- What you should do -
Beneath this line is the data. Output exactly the lines from the line with "case alg h of" to the line with "c \<in> obs", both ends included, and nothing more.

- Supplied entries -

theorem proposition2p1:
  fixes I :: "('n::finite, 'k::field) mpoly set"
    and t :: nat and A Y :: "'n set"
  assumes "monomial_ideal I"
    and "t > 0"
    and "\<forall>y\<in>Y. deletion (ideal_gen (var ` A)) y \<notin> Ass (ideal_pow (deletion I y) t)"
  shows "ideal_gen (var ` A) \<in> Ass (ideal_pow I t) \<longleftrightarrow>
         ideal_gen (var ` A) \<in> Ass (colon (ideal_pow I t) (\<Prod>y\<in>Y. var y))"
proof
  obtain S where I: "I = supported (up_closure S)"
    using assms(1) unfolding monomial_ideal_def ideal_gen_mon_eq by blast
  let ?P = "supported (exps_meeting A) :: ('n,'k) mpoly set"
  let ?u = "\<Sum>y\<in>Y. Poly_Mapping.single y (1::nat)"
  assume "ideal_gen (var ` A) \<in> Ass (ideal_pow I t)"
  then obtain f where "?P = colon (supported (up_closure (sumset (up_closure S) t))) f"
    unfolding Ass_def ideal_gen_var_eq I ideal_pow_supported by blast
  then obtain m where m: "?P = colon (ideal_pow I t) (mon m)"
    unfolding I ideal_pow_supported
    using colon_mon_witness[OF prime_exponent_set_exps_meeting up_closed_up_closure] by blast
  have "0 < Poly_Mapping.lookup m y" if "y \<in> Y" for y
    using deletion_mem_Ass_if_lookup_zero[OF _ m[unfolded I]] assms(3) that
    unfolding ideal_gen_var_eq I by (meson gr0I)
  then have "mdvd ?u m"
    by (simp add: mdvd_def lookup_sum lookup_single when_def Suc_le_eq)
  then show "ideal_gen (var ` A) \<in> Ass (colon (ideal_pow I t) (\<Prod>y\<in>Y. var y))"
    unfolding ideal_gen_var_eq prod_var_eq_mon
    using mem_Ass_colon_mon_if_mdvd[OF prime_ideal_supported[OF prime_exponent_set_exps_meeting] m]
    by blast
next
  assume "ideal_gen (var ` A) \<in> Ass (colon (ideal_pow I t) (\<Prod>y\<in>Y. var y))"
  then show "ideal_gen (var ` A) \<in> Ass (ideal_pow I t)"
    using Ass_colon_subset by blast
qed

* * *

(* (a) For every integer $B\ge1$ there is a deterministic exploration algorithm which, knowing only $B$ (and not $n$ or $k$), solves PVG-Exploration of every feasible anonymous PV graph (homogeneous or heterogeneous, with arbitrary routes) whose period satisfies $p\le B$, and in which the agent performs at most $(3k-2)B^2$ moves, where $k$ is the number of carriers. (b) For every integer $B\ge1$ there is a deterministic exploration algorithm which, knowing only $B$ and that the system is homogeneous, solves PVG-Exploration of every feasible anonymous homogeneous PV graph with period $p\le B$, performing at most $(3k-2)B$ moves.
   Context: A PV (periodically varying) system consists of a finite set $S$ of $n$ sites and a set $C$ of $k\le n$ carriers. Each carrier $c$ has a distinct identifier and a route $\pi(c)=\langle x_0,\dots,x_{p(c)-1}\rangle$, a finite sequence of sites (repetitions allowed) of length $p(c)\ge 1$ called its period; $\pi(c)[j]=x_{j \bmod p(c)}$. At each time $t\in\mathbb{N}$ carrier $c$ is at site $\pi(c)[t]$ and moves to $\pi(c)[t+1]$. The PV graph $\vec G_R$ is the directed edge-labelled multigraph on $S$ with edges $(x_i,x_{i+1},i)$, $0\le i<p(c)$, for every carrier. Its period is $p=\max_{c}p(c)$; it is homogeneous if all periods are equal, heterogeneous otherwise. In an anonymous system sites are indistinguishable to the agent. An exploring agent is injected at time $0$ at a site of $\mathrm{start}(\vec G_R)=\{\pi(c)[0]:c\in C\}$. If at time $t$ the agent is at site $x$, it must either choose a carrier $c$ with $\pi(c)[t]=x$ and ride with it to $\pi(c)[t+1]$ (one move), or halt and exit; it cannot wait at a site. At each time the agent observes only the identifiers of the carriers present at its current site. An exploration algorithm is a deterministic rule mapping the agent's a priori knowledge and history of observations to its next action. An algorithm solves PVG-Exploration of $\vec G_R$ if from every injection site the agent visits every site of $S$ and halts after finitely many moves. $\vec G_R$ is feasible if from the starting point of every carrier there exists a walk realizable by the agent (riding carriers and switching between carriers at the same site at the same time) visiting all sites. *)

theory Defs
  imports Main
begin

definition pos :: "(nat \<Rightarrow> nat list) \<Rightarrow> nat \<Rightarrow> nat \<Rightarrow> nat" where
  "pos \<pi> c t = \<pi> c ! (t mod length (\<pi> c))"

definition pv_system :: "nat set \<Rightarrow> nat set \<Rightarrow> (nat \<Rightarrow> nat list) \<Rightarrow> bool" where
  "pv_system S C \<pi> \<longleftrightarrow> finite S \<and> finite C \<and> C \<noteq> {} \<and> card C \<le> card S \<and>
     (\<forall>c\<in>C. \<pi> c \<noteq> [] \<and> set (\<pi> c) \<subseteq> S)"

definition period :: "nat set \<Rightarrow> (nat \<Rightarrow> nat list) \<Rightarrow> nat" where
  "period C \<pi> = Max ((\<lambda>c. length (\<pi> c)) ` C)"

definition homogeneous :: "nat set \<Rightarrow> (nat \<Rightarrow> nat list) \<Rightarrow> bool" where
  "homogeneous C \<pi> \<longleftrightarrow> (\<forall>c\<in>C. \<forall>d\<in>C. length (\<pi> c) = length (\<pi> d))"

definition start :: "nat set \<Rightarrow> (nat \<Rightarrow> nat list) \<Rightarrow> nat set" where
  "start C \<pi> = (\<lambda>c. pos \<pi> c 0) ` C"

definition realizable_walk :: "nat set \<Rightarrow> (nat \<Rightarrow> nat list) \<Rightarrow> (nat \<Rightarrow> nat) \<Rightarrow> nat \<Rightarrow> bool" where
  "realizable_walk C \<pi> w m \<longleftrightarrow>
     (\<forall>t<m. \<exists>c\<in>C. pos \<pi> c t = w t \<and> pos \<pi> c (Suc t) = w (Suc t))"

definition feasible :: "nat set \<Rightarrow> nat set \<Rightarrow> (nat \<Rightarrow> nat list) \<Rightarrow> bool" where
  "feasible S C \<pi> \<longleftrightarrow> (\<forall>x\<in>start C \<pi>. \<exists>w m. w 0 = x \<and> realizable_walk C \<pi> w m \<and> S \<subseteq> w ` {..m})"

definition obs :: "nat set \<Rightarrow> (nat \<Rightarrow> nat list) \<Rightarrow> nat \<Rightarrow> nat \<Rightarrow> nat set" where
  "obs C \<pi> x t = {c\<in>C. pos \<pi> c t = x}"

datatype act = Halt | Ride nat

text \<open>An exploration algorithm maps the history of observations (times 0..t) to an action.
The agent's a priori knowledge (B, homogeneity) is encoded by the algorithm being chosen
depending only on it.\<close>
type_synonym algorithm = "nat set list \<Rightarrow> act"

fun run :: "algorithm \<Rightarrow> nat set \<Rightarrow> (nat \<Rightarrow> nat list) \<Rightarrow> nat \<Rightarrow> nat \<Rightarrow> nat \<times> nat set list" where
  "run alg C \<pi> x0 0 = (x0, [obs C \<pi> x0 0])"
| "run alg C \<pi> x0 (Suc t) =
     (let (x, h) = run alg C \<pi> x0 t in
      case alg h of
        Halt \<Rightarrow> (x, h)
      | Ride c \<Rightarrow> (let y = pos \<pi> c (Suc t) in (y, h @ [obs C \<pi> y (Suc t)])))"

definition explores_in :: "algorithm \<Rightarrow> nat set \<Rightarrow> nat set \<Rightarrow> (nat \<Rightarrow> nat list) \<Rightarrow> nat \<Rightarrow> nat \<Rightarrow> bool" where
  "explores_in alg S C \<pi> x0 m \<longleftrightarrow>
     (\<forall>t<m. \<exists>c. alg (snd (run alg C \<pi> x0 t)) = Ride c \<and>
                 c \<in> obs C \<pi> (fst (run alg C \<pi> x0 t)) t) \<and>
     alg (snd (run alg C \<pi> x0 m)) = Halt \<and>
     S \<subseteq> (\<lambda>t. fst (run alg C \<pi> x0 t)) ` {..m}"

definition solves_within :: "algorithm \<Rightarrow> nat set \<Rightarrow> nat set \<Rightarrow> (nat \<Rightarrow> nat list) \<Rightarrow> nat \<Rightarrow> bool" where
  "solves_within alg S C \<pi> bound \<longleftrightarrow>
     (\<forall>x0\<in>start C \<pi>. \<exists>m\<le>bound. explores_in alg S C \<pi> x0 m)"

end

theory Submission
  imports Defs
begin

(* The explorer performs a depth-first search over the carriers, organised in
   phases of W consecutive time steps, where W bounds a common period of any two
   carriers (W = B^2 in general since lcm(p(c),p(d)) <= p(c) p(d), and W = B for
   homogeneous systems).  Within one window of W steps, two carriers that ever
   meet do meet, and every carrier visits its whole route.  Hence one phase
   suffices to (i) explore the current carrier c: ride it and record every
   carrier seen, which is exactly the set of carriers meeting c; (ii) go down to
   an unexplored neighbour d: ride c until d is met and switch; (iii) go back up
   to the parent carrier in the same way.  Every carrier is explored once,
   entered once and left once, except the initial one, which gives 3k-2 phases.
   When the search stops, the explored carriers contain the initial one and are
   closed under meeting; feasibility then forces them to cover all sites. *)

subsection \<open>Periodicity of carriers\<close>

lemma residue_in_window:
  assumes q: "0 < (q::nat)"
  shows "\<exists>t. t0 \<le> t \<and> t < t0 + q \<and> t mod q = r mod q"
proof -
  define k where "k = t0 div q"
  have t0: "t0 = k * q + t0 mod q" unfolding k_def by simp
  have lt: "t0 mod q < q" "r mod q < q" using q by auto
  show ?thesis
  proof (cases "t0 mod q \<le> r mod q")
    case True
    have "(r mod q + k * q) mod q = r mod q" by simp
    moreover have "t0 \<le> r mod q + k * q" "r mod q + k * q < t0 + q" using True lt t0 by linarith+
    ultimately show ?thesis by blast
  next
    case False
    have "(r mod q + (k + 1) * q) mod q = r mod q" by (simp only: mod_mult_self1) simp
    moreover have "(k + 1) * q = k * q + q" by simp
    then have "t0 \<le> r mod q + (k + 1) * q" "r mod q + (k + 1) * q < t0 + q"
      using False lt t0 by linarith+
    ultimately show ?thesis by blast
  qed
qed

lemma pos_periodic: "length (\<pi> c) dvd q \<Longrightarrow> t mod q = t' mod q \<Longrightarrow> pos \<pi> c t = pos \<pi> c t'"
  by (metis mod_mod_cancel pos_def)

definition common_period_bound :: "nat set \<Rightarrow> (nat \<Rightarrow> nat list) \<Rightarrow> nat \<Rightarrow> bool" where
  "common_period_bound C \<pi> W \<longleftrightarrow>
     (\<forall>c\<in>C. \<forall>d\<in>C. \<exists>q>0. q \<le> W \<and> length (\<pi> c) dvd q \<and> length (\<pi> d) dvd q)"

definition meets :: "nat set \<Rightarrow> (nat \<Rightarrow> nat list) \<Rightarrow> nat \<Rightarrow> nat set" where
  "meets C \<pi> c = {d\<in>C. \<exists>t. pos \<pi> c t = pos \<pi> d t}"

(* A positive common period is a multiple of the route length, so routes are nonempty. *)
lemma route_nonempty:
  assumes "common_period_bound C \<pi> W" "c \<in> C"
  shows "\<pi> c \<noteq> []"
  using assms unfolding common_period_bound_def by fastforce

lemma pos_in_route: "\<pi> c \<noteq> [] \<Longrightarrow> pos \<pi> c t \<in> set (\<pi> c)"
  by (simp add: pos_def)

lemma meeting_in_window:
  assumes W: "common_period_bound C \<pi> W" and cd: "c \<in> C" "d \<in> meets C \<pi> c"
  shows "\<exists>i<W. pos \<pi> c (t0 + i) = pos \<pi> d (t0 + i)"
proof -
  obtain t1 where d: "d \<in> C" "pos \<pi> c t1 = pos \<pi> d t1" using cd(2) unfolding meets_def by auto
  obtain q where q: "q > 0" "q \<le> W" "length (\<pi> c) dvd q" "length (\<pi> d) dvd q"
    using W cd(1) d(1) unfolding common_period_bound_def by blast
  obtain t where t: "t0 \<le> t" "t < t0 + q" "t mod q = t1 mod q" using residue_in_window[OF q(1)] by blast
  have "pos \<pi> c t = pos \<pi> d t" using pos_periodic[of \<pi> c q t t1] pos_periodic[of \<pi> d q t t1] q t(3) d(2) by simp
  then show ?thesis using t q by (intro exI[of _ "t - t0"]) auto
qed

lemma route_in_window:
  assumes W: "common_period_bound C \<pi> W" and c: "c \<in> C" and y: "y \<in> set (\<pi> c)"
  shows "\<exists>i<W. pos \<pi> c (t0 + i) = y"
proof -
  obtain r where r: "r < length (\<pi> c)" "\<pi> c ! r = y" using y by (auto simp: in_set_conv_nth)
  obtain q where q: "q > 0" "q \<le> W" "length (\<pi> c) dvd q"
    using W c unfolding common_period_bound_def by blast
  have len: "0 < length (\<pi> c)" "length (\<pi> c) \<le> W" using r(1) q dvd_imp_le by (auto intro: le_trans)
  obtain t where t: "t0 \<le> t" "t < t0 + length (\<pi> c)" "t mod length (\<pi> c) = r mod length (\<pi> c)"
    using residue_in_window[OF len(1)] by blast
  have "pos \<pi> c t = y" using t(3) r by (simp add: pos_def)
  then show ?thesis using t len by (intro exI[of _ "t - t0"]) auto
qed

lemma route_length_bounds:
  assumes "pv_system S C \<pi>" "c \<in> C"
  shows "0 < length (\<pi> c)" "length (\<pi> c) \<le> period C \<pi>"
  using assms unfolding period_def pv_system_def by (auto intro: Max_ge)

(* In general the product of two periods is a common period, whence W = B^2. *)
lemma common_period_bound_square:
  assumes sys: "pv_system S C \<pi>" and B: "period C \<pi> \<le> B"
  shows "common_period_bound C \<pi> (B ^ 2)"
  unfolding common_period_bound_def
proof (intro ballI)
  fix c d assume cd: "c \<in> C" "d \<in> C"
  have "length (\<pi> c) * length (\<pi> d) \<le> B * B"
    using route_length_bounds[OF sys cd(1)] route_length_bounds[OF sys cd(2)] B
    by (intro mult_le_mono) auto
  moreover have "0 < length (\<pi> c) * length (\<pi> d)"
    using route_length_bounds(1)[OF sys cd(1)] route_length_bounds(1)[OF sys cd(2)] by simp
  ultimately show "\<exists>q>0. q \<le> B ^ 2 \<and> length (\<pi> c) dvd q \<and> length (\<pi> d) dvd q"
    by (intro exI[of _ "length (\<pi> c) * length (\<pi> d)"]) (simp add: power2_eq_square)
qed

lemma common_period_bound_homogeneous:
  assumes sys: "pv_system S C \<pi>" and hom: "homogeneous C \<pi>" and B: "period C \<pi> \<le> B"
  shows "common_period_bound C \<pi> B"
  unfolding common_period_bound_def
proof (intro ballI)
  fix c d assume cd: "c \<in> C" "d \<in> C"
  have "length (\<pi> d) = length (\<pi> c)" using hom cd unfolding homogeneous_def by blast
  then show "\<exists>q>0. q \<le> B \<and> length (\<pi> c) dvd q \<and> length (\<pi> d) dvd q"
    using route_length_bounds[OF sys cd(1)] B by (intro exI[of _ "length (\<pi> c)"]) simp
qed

==

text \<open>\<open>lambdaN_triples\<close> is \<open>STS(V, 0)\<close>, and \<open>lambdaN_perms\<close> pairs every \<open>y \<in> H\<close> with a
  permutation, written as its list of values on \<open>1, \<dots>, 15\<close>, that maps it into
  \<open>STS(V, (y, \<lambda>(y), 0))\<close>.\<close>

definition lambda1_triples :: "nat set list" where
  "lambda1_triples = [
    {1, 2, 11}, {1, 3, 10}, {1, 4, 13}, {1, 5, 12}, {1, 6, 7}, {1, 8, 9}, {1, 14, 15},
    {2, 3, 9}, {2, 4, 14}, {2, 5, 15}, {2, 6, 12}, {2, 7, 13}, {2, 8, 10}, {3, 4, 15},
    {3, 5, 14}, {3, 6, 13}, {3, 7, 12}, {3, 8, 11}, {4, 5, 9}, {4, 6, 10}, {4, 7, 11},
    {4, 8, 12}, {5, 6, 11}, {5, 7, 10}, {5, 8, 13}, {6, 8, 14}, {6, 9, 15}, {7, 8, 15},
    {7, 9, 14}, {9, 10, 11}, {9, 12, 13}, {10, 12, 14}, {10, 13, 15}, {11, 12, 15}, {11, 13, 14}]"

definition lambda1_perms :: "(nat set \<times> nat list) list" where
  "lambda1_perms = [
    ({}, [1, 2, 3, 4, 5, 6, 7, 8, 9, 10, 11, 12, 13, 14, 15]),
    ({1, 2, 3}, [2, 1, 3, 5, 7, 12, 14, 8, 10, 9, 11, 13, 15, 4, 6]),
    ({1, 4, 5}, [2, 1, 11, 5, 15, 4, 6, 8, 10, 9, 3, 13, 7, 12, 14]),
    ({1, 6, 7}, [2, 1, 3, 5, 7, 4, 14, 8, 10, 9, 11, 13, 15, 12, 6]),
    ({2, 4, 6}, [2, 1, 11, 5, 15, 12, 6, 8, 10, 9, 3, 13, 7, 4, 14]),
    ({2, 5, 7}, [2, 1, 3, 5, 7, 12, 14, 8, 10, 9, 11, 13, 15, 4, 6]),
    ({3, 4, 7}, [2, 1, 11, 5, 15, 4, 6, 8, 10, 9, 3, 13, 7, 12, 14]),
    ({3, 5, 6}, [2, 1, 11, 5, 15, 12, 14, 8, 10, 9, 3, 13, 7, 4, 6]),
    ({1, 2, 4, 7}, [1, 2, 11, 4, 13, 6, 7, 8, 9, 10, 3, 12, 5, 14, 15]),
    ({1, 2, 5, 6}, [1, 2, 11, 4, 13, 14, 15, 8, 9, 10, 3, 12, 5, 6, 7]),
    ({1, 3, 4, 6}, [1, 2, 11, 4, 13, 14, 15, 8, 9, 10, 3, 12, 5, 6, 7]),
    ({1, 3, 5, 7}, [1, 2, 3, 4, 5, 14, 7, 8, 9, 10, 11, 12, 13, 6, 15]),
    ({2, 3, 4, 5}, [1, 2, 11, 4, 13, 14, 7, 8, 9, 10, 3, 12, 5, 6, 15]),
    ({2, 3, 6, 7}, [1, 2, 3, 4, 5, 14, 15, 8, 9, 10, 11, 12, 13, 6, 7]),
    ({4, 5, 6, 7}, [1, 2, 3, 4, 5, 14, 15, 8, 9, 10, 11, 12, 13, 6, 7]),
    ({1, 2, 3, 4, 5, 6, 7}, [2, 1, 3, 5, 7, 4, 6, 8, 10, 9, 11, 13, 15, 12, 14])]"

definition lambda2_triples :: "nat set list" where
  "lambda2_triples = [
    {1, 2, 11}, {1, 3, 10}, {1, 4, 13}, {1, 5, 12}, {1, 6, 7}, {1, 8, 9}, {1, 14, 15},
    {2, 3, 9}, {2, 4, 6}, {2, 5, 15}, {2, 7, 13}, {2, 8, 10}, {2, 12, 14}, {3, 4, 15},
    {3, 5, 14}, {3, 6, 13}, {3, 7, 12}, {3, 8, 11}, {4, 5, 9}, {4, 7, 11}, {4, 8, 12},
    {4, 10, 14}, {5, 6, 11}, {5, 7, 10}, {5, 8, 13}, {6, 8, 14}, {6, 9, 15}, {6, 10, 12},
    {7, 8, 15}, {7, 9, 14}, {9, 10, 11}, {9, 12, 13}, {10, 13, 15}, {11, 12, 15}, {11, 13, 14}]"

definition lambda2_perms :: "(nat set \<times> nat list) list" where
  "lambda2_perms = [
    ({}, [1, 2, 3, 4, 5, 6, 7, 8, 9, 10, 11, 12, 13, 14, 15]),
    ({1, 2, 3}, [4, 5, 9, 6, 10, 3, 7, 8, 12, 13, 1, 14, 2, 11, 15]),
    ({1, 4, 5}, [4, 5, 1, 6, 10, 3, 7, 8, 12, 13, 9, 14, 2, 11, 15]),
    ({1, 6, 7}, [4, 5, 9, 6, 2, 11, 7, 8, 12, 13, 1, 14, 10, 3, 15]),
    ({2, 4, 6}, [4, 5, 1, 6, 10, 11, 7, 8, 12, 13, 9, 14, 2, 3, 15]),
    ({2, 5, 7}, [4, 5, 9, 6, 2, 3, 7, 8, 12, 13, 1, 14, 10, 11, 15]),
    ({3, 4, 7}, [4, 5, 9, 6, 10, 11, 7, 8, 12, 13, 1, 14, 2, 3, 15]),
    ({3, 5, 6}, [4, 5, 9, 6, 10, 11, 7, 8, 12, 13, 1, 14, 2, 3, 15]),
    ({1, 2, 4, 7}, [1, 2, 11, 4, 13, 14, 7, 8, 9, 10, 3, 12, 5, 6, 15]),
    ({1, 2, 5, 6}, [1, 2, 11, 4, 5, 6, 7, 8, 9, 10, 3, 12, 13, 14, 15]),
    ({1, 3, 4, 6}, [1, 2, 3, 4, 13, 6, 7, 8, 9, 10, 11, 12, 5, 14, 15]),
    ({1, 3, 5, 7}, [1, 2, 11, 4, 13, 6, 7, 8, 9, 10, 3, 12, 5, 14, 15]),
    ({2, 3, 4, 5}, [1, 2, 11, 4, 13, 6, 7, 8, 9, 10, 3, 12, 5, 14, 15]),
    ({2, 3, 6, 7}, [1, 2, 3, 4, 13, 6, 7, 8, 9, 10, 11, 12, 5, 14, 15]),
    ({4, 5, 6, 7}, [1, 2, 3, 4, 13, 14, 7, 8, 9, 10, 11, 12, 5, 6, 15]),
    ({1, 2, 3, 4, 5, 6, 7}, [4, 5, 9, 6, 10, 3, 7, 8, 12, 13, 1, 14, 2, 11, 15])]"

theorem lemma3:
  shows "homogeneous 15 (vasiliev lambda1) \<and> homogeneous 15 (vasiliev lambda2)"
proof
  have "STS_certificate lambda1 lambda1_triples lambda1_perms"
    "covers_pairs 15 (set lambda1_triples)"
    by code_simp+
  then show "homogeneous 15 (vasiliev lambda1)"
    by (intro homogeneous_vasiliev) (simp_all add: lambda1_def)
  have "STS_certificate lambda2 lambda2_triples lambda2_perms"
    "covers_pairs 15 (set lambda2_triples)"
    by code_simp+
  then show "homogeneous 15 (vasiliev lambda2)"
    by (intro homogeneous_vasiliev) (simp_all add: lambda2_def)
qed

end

- Written reply -
      case alg h of
        Halt \<Rightarrow> (x, h)
      | Ride c \<Rightarrow> (let y = pos \<pi> c (Suc t) in (y, h @ [obs C \<pi> y (Suc t)])))"

definition explores_in :: "algorithm \<Rightarrow> nat set \<Rightarrow> nat set \<Rightarrow> (nat \<Rightarrow> nat list) \<Rightarrow> nat \<Rightarrow> nat \<Rightarrow> bool" where
  "explores_in alg S C \<pi> x0 m \<longleftrightarrow>
     (\<forall>t<m. \<exists>c. alg (snd (run alg C \<pi> x0 t)) = Ride c \<and>
                 c \<in> obs C \<pi> (fst (run alg C \<pi> x0 t)) t) \<and>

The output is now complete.